Book Boat

Review: River Tips and Tree Trunks, Notes and Reflections on Water and Wood, by S.H. Semken, $14.95 from Ice Cube Press, 205 North Front Street, North Liberty, Iowa 52317-9302. ISBN: 1-888160-63-2. icecube@inav.net

 

This book is attractive, deceptive, puzzling, often irritating, like a river, certainly, and also like a river with a strength of character not obvious at first glance. In fact, with my first look it was the irritation that was obvious, mine at some wording and sentences that if they appeared in the work of my writing students I would x-out, re-route, suggest alternate flows and passages, like this one:

This type of behavior, once again, is that of an immature person, one that is accepted precisely because it allows one to be unaccountable, and irresponsible, and at times, promoting an attitude that looks forward to a scolding.

But the more I read in this book, the more I allow myself to enter into it and be carried by it, the more I realize the pull of this man’s language, certainly, the more his book is a river. At random these sentences:

“The Snake River requires gesture.”

“At the Royal Gorge in southwestern Wyoming you’ll find emerald water. It is a slow motion landscape.”

“We are a society hoping for, and convinced that maids can pick up after us, silently and miraculously.”

The last sentence, especially should cause reflection, reflection as Thoreau knew of it, the tree lined bank on the water, or was the water reflected in the trees? “We are a society hoping for...” what? The mystery, the lack we readers must fill if we enter into this man’s prose with the necessary respect and appreciation, and then followed by a wonderful and most appropriate image. This sentence could be slipped into Thoreau’s Journals and no one would notice.

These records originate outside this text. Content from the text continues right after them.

(* Let $n\ge 0$ and let $v(t)=\sum_{i=0}^{n+1}\mathbf{v}_iB^{n+1}_i(t)$ and $w(t)=\sum_{i=0}^{n+1}\mathbf{w}_iB^{n+1}_i(t)$ be real polynomials of degree at most $n+1$. Define the $(n+1)\times(n+1)$ Toeplitz matrices $T^{v,n}_{ij}=\binom{n+1}{j-i}\mathbf{v}_{j-i}$, $T^{w,n}_{ij}=\binom{n+1}{j-i}\mathbf{w}_{j-i}$, the Hankel matrices $H^{v,n}_{ij}=\binom{n+1}{i+j+1}\mathbf{v}_{i+j+1}$, $H^{w,n}_{ij}=\binom{n+1}{i+j+1}\mathbf{w}_{i+j+1}$ ($0\le i,j\le n$), and $\Delta^n=\mathrm{diag}\big(\binom{n}{j}\big)_{j=0}^n$. Then $$\mathrm{Bez}(v,w)=(\Delta^n)^{-1}\big[H^{v,n}T^{w,n}-H^{w,n}T^{v,n}\big](\Delta^n)^{-1}.$$
   Context: Bernstein polynomials of degree $n$: $B^n_j(x)=\binom{n}{j}x^j(1-x)^{n-j}$. The Bernstein–Bézout matrix $\mathrm{Bez}(v,w)$ of two polynomials $v,w$ of degree at most $n+1$ is the unique $(n+1)\times(n+1)$ matrix $(b_{ij})_{i,j=0}^n$ satisfying $\frac{v(s)w(t)-v(t)w(s)}{s-t}=\sum_{i,j=0}^n b_{ij}B^n_i(s)B^n_j(t)$. Convention: $\binom{a}{b}=0$ if $b<0$ or $b>a$ (so entries with out-of-range indices vanish, regardless of the undefined coefficient they multiply). *)

theory Defs
  imports "HOL-Analysis.Weierstrass_Theorems"
begin

definition binom_int :: "nat \<Rightarrow> int \<Rightarrow> real" where
  "binom_int a b = (if b < 0 \<or> b > int a then 0 else real (a choose nat b))"

definition bern_poly :: "nat \<Rightarrow> (nat \<Rightarrow> real) \<Rightarrow> real \<Rightarrow> real" where
  "bern_poly m c x = (\<Sum>i\<le>m. c i * Bernstein m i x)"

definition Bez :: "nat \<Rightarrow> (nat \<Rightarrow> real) \<Rightarrow> (nat \<Rightarrow> real) \<Rightarrow> nat \<Rightarrow> nat \<Rightarrow> real" where
  "Bez n v w = (THE b. (\<forall>i j. (n < i \<or> n < j) \<longrightarrow> b i j = 0) \<and>
     (\<forall>s t. s \<noteq> t \<longrightarrow>
        (bern_poly (n+1) v s * bern_poly (n+1) w t - bern_poly (n+1) v t * bern_poly (n+1) w s) / (s - t)
        = (\<Sum>i\<le>n. \<Sum>j\<le>n. b i j * Bernstein n i s * Bernstein n j t)))"

definition toeplitz_mat :: "nat \<Rightarrow> (nat \<Rightarrow> real) \<Rightarrow> nat \<Rightarrow> nat \<Rightarrow> real" where
  "toeplitz_mat n c i j = binom_int (n+1) (int j - int i) * c (nat (int j - int i))"

definition hankel_mat :: "nat \<Rightarrow> (nat \<Rightarrow> real) \<Rightarrow> nat \<Rightarrow> nat \<Rightarrow> real" where
  "hankel_mat n c i j = real ((n+1) choose (i+j+1)) * c (i+j+1)"

end

theory Submission
  imports Defs "HOL-Computational_Algebra.Polynomial"
begin

text \<open>Write \<open>V a = C(n+1,a) v a\<close>, \<open>W b = C(n+1,b) w b\<close> and \<open>P a x = x^a (1-x)^(n+1-a)\<close>,
  so that \<open>v = \<Sum>a. V a P a\<close> and \<open>w = \<Sum>b. W b P b\<close>. The divided difference
  \<open>(P a s P b t - P b s P a t) / (s - t)\<close> telescopes into \<open>K a b - K b a\<close>, where
  \<open>K = bez_kernel\<close> is a sum of the products \<open>s^i (1-s)^(n-i) t^j (1-t)^(n-j)\<close> with
  \<open>i = a-1-k\<close>, \<open>j = b+k\<close>. Substituting \<open>a = i+k+1\<close>, \<open>b = j-k\<close> shows that the coefficient
  of this product in \<open>\<Sum>a b. V a W b K a b\<close> is \<open>(H\<^sup>v T\<^sup>w) i j\<close>. As
  \<open>Bernstein n i s = C(n,i) s^i (1-s)^(n-i)\<close>, dividing by the binomials yields a matrix satisfying
  the defining identity of the Bezoutian, which determines it because the Bernstein polynomials
  are linearly independent.\<close>

lemma Bernstein_sum_eq_0_imp_coeff_eq_0:
  fixes a :: "nat \<Rightarrow> real"
  assumes "finite F" and "\<forall>s\<in>{0<..<1} - F. (\<Sum>i\<le>n. a i * Bernstein n i s) = 0" and "i \<le> n"
  shows "a i = 0"
proof -
  define q where "q = (\<Sum>i\<le>n. monom (a i * real (n choose i)) i)"
  have poly_q: "poly q x = (\<Sum>i\<le>n. a i * real (n choose i) * x^i)" for x
    by (simp add: q_def poly_sum poly_monom)
  have roots: "(\<lambda>s. s / (1-s)) ` ({0<..<1} - F) \<subseteq> {x. poly q x = 0}"
  proof
    fix x assume "x \<in> (\<lambda>s. s / (1-s)) ` ({0<..<1} - F)"
    then obtain s where s: "s \<in> {0<..<1} - F" and x: "x = s / (1-s)" by auto
    have ne: "1 - s \<noteq> 0" using s by auto
    have "(\<Sum>i\<le>n. a i * Bernstein n i s) = (1-s)^n * poly q x"
      unfolding poly_q x sum_distrib_left
    proof (rule sum.cong[OF refl])
      fix i assume "i \<in> {..n}"
      then have "(1-s)^(n-i) = (1-s)^n / (1-s)^i" using ne by (simp add: power_diff)
      then show "a i * Bernstein n i s = (1-s)^n * (a i * real (n choose i) * (s / (1-s))^i)"
        using ne by (simp add: Bernstein_def power_divide)
    qed
    then show "x \<in> {x. poly q x = 0}" using assms(2) s ne by simp
  qed
  have "inj_on (\<lambda>s. s / (1-s)) ({0<..<1} - F)"
    by (rule inj_onI) (auto simp: field_simps)
  moreover have "infinite ({0<..<1::real} - F)"
    using assms(1) Diff_infinite_finite infinite_Ioo[of "0::real" 1] by auto
  ultimately have "infinite ((\<lambda>s. s / (1-s)) ` ({0<..<1} - F))"
    using finite_imageD by blast
  then have "q = 0" using roots poly_roots_finite finite_subset by blast
  moreover have "coeff q i = a i * real (n choose i)"
    unfolding q_def by (rule coeff_sum_monom[OF assms(3)])
  ultimately show ?thesis using assms(3) by simp
qed
theorem mainTheorem6:
  shows "(\<forall>a1 a2 s d. 0 \<le> a1 \<and> a1 < a2 \<and> a2 \<le> 1 \<and> 0 < s \<and> 1 \<le> d
            \<longrightarrow> sigma_bar a2 s d < sigma_bar a1 s d)
       \<and> (\<forall>a s1 s2 d. 0 \<le> a \<and> a \<le> 1 \<and> 0 < s1 \<and> s1 < s2 \<and> 1 \<le> d
            \<longrightarrow> sigma_bar a s2 d < sigma_bar a s1 d)
       \<and> (\<forall>a s d1 d2. 0 \<le> a \<and> a \<le> 1 \<and> 0 < s \<and> 1 \<le> d1 \<and> d1 < d2
            \<longrightarrow> sigma_bar a s d2 < sigma_bar a s d1)"
proof (intro conjI allI impI)
  fix a1 a2 s :: real and d :: nat
  assume h: "0 \<le> a1 \<and> a1 < a2 \<and> a2 \<le> 1 \<and> 0 < s \<and> 1 \<le> d"
  then have "0 < Ia a1 s d" "Ia a1 s d < Ia a2 s d"
    by (simp_all add: Ia_pos Ia_strict_mono_slope)
  with h show "sigma_bar a2 s d < sigma_bar a1 s d"
    unfolding sigma_bar_def by (intro powr_less_mono2_neg) (auto simp: divide_neg_pos)
next
  fix a s1 s2 :: real and d :: nat
  assume h: "0 \<le> a \<and> a \<le> 1 \<and> 0 < s1 \<and> s1 < s2 \<and> 1 \<le> d"
  then have "0 < Ia a s1 d" "Ia a s1 d powr (s2 / s1) < Ia a s2 d"
    by (simp_all add: Ia_pos Ia_powr_less)
  then have "Ia a s2 d powr (- 1 / s2) < (Ia a s1 d powr (s2 / s1)) powr (- 1 / s2)"
    using h by (intro powr_less_mono2_neg) auto
  also have "\<dots> = sigma_bar a s1 d"
    unfolding sigma_bar_def using h by (simp add: powr_powr)
  finally show "sigma_bar a s2 d < sigma_bar a s1 d"
    unfolding sigma_bar_def .
next
  fix a s :: real and d1 d2 :: nat
  assume h: "0 \<le> a \<and> a \<le> 1 \<and> 0 < s \<and> 1 \<le> d1 \<and> d1 < d2"
  then have "0 < Ia a s d1" "Ia a s d1 < Ia a s d2"
    by (simp_all add: Ia_pos Ia_strict_mono_dim)
  with h show "sigma_bar a s d2 < sigma_bar a s d1"
    unfolding sigma_bar_def by (intro powr_less_mono2_neg) auto
qed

Semken is also a poet, though he may not write verse. But his sensibilities are such that he has either trained himself well or absorbed from the rivers and trees he had meditated upon enough of the stuff of language that makes for poetry that he needn’t take time for the study necessary for a good poem. His meditations have lead to the kinds of associations that are the heart of the poem. Follow him through the section on trees: “Family tree, Tree as Sacred, Divining rods, Ocean tree, Walking sticks, Totem Poles, Barns, Flow through Giant Redwood, Food bearing trees, Bark.” His bark, which is, as should be apparent by now, also Whitman’s “barbaric yarp” is what we need value. It is uncompromising, and it takes us to the deeps of his language, a language as rooted as those trees, rooted certainly, but allowing us, along with him, to flow through, to be taken out of ourselves silently reading, along with him on this physical, mystical journey. Semken knows his rivers and he knows his writing. (And he also knows that rivers are trees [“The river turns to tree turns to water to river: the shapeshifter theory is resurrected”]). His is a book to take along with you so that you may be taken along with him. There are many ways to say this, perhaps this is most appropriate: this man would be always welcome on any canoe trip or whitewater rafting trip I’ll be taking this year or any year.